The answer must be every line from the entries below that includes "intro".

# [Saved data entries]
[Start of Attachment]

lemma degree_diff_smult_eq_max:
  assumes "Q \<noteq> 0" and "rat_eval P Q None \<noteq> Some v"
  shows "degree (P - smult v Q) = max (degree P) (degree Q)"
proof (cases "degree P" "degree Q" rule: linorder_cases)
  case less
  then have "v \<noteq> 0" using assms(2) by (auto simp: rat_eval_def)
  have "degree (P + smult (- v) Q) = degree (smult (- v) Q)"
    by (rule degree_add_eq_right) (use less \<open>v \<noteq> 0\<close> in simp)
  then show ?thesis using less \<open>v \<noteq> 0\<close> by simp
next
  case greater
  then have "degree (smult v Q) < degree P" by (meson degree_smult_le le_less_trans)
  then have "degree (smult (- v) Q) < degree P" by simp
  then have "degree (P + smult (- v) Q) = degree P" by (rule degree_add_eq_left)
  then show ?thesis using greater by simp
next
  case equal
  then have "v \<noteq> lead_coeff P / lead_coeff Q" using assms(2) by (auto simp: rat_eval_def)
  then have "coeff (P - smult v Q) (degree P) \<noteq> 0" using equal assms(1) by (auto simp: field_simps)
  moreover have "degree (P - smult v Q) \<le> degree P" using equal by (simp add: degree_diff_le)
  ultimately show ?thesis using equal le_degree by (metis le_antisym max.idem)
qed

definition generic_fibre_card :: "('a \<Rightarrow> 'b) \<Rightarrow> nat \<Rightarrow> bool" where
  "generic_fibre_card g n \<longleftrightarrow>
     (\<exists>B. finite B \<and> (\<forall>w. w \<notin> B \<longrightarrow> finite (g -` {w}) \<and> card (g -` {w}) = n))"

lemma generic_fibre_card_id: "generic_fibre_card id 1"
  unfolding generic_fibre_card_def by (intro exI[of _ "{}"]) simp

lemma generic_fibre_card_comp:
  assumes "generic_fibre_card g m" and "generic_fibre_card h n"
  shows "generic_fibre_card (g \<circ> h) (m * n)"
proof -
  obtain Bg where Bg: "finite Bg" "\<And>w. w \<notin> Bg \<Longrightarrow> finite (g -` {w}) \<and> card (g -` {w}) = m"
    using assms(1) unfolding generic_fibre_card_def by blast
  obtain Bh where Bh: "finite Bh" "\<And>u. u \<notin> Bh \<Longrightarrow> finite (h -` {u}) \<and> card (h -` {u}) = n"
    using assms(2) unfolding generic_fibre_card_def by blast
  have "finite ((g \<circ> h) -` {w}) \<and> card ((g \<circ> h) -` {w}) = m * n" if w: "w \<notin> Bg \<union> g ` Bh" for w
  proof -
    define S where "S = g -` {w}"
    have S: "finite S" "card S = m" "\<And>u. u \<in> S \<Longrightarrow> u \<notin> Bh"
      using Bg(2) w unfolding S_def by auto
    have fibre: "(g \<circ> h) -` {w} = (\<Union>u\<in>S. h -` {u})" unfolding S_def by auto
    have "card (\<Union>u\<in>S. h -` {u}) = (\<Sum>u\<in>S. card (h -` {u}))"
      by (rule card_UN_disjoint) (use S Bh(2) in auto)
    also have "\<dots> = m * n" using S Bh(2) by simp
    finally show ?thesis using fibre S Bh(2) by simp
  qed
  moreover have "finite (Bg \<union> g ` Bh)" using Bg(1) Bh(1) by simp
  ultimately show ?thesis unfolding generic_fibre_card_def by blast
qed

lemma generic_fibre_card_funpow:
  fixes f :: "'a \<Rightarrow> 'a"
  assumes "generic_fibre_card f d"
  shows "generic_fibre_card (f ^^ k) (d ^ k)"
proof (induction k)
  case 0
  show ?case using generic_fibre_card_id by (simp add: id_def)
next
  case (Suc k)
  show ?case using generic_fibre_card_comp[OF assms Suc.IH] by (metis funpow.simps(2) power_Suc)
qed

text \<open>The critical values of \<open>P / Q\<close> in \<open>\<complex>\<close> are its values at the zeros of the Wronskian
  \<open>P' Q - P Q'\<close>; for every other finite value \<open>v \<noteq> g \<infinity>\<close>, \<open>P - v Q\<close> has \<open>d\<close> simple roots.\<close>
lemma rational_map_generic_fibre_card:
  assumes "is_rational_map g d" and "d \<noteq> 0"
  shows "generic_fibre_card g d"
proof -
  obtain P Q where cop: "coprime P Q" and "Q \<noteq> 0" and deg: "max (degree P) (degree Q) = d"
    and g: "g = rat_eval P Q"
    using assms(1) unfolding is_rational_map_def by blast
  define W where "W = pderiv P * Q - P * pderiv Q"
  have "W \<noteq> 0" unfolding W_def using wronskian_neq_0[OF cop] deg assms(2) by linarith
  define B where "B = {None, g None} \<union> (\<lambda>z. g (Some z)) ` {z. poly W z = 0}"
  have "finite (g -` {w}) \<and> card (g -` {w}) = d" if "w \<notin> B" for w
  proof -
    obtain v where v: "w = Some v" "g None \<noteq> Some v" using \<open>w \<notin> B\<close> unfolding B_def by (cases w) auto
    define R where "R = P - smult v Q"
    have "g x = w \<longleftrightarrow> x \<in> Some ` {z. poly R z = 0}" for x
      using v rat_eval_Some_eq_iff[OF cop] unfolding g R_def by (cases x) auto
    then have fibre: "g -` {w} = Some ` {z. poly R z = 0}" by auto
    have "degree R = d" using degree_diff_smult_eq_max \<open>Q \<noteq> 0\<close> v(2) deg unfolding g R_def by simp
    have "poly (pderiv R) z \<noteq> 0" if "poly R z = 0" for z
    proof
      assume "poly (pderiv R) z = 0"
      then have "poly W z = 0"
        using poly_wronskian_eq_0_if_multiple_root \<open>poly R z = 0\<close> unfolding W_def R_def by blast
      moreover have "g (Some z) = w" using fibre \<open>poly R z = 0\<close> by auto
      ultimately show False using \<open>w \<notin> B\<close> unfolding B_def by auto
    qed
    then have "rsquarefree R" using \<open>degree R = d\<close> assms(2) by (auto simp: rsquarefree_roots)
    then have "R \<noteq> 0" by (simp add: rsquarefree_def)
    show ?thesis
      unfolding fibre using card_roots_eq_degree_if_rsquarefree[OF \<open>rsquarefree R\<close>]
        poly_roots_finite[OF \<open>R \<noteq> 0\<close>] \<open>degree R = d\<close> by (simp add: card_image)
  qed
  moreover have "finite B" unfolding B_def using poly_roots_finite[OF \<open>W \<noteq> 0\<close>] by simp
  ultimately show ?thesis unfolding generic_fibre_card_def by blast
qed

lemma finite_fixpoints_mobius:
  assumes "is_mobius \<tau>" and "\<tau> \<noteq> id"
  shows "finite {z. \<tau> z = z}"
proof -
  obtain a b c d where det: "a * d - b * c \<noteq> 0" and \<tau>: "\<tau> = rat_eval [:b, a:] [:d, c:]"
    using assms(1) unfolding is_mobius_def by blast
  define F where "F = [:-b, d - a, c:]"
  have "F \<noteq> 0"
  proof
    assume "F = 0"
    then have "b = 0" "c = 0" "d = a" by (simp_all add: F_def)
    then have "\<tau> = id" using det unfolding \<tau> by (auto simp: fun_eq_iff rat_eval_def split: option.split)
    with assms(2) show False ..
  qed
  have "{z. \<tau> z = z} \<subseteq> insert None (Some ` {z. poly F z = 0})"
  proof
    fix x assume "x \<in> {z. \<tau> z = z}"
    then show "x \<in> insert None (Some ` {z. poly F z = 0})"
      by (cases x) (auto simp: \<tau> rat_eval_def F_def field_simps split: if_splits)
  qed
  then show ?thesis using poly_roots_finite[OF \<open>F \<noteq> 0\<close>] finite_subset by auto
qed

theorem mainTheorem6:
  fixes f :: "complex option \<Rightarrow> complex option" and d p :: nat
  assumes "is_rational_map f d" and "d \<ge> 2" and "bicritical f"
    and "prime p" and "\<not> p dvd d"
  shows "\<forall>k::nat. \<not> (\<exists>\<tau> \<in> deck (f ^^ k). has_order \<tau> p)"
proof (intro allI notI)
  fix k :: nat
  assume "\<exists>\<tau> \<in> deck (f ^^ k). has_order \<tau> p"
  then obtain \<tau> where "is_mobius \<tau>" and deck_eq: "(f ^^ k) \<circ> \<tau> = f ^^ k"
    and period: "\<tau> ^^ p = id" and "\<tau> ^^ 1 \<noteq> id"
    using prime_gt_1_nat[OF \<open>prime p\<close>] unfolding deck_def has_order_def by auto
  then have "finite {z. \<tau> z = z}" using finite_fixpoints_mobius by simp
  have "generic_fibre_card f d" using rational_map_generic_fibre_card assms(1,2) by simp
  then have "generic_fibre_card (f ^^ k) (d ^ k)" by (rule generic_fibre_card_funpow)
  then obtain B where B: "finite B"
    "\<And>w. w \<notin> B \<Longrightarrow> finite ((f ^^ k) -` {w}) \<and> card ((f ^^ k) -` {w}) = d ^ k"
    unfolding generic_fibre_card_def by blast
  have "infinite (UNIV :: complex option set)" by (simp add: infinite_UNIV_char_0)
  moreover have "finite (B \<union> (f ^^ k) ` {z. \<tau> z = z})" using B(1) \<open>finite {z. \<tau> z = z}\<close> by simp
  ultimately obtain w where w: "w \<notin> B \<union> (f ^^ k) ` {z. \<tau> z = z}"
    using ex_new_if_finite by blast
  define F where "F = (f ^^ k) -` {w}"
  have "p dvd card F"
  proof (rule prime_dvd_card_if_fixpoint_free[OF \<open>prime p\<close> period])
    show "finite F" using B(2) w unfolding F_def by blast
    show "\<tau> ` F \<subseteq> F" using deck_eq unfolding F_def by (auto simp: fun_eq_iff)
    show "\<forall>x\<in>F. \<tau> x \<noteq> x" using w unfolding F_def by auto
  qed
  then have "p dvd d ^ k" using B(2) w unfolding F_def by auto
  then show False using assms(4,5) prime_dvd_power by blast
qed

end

[End of Attachment]
[Start of Attachment]

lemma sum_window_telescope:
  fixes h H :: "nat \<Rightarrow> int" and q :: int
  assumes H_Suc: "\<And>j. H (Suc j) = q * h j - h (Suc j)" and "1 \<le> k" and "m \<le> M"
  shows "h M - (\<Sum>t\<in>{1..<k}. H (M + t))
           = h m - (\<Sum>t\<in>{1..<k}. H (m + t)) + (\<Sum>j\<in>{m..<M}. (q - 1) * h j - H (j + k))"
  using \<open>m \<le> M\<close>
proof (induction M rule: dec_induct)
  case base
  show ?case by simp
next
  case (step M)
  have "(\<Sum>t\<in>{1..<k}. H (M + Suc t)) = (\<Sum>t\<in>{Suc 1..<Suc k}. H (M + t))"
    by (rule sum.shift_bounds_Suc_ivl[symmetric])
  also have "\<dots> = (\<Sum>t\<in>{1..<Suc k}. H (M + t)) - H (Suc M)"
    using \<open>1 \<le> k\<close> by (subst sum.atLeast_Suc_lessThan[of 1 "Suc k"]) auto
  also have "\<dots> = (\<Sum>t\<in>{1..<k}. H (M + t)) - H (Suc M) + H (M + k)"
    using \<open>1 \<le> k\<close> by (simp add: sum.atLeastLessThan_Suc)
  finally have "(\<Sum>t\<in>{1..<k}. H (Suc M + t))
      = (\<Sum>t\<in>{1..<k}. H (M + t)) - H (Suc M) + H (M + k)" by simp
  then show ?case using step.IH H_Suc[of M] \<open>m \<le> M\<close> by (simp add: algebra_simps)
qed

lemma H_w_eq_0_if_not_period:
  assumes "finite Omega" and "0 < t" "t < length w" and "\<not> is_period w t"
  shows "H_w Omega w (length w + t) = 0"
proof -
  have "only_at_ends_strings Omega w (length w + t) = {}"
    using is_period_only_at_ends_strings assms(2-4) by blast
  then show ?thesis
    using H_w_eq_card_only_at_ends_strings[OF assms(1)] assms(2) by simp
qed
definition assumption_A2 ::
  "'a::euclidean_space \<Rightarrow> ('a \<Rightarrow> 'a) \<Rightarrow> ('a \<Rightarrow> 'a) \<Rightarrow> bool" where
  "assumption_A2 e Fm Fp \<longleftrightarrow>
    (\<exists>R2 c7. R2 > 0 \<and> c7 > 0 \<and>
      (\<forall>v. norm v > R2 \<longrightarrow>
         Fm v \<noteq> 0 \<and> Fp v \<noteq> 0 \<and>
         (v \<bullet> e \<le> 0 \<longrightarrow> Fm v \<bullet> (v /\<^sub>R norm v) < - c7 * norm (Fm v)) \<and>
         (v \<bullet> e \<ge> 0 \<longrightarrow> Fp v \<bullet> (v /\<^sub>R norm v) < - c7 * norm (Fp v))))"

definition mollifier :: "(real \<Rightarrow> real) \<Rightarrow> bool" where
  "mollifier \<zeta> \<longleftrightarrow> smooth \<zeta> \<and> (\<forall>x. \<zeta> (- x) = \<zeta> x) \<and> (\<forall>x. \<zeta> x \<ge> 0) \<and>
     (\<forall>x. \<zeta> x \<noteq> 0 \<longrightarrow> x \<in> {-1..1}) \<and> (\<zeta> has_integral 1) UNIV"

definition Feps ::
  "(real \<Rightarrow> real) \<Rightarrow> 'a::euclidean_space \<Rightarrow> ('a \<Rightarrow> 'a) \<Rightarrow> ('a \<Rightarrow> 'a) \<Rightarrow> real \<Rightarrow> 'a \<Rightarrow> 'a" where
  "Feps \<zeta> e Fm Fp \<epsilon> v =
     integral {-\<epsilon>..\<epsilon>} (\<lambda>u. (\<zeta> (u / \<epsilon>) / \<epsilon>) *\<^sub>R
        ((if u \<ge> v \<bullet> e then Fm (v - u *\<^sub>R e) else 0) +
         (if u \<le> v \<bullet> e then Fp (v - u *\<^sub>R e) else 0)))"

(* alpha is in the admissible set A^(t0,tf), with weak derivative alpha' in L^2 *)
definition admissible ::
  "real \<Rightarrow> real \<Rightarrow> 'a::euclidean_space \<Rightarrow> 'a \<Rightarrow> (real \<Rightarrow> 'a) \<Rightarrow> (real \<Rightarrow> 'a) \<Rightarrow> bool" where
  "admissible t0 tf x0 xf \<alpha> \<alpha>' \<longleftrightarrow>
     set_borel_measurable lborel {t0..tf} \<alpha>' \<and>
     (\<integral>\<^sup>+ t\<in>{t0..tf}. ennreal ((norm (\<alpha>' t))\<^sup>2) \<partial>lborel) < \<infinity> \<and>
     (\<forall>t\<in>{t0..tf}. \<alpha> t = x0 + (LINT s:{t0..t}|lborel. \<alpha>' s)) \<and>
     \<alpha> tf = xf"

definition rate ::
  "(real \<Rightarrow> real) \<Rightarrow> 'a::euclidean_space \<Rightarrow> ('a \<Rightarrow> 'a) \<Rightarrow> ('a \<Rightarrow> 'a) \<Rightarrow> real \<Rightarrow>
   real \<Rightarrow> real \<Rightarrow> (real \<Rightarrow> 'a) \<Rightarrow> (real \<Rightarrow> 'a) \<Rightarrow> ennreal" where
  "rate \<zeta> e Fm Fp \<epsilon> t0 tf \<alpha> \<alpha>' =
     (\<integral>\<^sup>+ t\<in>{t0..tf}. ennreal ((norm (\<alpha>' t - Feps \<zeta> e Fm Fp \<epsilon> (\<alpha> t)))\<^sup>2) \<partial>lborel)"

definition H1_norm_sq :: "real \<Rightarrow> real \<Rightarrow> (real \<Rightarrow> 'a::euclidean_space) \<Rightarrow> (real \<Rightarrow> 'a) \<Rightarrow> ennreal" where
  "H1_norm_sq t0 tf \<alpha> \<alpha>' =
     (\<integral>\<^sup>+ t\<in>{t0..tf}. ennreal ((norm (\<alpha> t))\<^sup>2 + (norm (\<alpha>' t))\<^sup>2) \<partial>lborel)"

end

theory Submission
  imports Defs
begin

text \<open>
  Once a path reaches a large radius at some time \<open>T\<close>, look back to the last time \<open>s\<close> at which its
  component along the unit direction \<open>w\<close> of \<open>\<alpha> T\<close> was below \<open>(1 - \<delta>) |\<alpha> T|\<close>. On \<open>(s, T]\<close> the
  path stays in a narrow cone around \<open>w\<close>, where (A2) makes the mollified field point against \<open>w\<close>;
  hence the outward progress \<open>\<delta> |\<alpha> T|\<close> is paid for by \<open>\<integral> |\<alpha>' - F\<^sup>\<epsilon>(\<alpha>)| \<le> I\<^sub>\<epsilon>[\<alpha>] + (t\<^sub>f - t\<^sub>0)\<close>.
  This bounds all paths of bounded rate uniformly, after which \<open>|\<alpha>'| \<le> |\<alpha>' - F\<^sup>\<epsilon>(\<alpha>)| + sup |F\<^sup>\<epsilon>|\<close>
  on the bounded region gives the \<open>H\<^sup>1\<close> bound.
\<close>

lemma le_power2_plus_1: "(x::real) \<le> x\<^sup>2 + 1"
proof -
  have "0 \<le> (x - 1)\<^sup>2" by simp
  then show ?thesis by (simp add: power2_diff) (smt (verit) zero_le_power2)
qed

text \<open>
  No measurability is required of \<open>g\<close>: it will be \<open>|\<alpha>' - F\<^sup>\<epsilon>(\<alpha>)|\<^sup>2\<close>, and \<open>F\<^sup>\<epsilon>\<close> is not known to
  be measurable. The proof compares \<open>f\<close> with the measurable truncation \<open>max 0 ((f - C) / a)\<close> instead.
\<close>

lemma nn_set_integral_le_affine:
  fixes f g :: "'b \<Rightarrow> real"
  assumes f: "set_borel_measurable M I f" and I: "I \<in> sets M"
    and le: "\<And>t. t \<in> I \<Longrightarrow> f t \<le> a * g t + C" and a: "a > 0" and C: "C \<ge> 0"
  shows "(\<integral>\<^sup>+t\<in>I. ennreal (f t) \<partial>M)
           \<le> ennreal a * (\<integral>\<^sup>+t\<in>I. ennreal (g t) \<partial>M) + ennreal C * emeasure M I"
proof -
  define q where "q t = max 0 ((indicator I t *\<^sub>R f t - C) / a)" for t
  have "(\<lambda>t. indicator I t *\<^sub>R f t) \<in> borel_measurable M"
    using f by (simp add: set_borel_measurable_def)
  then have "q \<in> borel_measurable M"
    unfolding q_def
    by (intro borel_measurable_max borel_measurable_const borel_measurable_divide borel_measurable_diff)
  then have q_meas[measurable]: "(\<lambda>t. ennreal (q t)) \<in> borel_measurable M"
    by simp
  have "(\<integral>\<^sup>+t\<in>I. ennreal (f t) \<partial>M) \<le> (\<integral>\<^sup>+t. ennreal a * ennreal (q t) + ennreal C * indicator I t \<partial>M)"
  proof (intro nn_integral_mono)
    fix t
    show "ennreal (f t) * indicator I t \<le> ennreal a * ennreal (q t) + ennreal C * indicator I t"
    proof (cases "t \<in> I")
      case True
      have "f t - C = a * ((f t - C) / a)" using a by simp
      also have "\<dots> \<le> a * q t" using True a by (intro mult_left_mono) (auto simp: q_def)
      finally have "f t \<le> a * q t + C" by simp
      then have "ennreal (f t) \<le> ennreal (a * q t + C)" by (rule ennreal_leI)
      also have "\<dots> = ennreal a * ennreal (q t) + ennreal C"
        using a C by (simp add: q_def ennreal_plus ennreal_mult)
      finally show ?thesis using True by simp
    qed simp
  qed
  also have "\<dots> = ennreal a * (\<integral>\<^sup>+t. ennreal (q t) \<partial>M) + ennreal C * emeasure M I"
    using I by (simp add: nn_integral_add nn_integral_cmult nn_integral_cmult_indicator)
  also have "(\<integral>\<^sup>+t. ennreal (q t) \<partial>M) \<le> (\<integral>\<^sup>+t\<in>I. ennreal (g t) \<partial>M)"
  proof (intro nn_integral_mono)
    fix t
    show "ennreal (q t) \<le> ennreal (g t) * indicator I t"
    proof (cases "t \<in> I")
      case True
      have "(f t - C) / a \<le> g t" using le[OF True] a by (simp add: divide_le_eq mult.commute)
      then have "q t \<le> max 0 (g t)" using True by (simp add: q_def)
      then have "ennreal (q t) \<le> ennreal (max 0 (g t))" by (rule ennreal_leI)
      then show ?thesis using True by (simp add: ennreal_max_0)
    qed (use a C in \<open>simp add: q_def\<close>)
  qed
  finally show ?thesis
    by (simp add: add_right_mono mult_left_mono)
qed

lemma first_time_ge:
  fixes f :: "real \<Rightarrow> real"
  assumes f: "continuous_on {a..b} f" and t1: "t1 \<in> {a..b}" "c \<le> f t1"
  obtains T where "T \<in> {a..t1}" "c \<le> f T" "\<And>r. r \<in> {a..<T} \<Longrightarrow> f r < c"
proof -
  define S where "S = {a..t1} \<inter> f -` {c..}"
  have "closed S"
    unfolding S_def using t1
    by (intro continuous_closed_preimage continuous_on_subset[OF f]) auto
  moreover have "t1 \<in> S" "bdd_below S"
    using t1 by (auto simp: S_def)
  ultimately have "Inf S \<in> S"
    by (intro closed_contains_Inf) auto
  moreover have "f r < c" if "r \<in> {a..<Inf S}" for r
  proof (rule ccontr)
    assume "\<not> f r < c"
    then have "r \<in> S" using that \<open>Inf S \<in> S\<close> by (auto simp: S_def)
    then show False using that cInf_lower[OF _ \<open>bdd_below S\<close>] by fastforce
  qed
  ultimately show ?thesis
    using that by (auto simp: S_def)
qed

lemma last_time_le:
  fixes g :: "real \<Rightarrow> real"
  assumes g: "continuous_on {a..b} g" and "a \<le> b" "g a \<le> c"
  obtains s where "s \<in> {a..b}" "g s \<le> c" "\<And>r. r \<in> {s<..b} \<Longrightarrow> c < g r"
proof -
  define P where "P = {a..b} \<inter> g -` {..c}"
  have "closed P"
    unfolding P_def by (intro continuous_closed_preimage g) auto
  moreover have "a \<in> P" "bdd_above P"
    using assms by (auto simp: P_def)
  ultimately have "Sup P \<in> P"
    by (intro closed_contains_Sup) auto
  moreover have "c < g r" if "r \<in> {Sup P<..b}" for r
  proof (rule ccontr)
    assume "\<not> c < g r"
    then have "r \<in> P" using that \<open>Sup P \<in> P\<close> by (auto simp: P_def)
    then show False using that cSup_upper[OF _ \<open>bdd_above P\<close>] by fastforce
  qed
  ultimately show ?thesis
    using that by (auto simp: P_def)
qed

[End of Attachment]
[Start of Attachment]

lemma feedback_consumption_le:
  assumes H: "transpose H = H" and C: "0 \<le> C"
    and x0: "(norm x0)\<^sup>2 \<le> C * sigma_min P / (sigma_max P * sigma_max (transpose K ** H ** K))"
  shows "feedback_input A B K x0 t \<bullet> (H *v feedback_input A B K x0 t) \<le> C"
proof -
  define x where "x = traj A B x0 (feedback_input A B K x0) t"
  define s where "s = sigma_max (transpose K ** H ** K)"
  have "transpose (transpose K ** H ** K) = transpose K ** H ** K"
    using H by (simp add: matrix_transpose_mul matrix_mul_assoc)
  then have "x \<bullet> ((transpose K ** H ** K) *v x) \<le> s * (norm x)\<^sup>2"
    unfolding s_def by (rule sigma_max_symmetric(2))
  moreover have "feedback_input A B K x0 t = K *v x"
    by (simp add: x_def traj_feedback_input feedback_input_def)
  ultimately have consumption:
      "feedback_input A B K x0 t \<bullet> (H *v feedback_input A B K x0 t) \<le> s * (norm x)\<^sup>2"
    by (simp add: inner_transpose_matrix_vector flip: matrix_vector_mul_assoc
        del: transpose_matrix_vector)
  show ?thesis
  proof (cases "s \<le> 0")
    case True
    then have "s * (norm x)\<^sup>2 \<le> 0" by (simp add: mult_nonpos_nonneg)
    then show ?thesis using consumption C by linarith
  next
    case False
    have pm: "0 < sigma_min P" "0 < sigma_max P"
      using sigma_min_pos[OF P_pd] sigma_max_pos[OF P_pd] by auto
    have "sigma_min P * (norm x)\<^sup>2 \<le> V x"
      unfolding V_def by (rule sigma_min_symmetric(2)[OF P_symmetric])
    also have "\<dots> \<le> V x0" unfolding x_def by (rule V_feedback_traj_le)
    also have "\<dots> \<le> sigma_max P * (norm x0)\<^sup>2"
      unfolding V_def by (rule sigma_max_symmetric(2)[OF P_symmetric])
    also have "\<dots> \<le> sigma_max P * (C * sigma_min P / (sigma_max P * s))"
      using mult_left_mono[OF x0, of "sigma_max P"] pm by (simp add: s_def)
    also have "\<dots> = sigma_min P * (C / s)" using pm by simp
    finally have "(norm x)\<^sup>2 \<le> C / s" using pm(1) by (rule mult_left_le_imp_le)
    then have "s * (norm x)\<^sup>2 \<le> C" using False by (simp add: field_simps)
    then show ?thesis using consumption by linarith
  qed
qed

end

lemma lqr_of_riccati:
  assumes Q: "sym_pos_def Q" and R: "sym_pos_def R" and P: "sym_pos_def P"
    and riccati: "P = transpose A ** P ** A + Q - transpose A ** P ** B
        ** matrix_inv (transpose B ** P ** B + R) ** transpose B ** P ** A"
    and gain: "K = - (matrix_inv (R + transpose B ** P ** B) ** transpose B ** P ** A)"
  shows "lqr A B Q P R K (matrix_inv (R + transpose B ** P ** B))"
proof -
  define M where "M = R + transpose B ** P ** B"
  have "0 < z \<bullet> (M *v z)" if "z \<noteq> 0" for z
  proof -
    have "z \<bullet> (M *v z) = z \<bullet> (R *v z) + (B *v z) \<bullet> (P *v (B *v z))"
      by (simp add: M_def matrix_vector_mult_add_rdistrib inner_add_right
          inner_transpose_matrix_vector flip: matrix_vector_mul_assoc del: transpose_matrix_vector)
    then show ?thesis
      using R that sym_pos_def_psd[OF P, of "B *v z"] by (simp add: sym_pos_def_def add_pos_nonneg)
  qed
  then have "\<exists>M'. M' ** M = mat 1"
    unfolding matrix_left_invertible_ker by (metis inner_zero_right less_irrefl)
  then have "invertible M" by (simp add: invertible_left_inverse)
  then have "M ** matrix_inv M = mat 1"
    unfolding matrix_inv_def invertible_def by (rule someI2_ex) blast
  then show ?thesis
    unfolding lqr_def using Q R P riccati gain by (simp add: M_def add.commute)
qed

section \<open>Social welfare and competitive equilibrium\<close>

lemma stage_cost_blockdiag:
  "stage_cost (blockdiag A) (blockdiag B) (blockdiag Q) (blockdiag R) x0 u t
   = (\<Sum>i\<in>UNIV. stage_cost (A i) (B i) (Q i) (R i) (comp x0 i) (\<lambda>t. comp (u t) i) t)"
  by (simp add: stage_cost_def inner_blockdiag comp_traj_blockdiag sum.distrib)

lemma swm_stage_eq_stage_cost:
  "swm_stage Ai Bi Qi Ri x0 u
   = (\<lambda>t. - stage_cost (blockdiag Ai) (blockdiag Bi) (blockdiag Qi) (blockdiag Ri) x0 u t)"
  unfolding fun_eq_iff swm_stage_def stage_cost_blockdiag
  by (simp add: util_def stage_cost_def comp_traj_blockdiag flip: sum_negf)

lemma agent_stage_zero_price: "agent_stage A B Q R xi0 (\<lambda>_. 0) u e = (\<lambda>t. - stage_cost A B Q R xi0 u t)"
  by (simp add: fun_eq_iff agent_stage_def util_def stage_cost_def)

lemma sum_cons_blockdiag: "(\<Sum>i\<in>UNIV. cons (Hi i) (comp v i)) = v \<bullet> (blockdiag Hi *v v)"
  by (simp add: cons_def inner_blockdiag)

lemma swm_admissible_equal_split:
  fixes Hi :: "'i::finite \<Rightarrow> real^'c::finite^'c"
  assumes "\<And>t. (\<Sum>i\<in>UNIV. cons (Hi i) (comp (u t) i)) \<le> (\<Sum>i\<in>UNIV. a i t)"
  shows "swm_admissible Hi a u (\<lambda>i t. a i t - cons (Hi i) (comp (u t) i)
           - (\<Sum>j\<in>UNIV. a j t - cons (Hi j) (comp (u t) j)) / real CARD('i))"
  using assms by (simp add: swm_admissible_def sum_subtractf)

[End of Attachment]

# [Answer below]
  unfolding generic_fibre_card_def by (intro exI[of _ "{}"]) simp
proof (intro allI notI)
    by (intro borel_measurable_max borel_measurable_const borel_measurable_divide borel_measurable_diff)
  proof (intro nn_integral_mono)
      also have "\<dots> \<le> a * q t" using True a by (intro mult_left_mono) (auto simp: q_def)
  proof (intro nn_integral_mono)
    by (intro continuous_closed_preimage continuous_on_subset[OF f]) auto
    by (intro closed_contains_Inf) auto
    unfolding P_def by (intro continuous_closed_preimage g) auto
    by (intro closed_contains_Sup) auto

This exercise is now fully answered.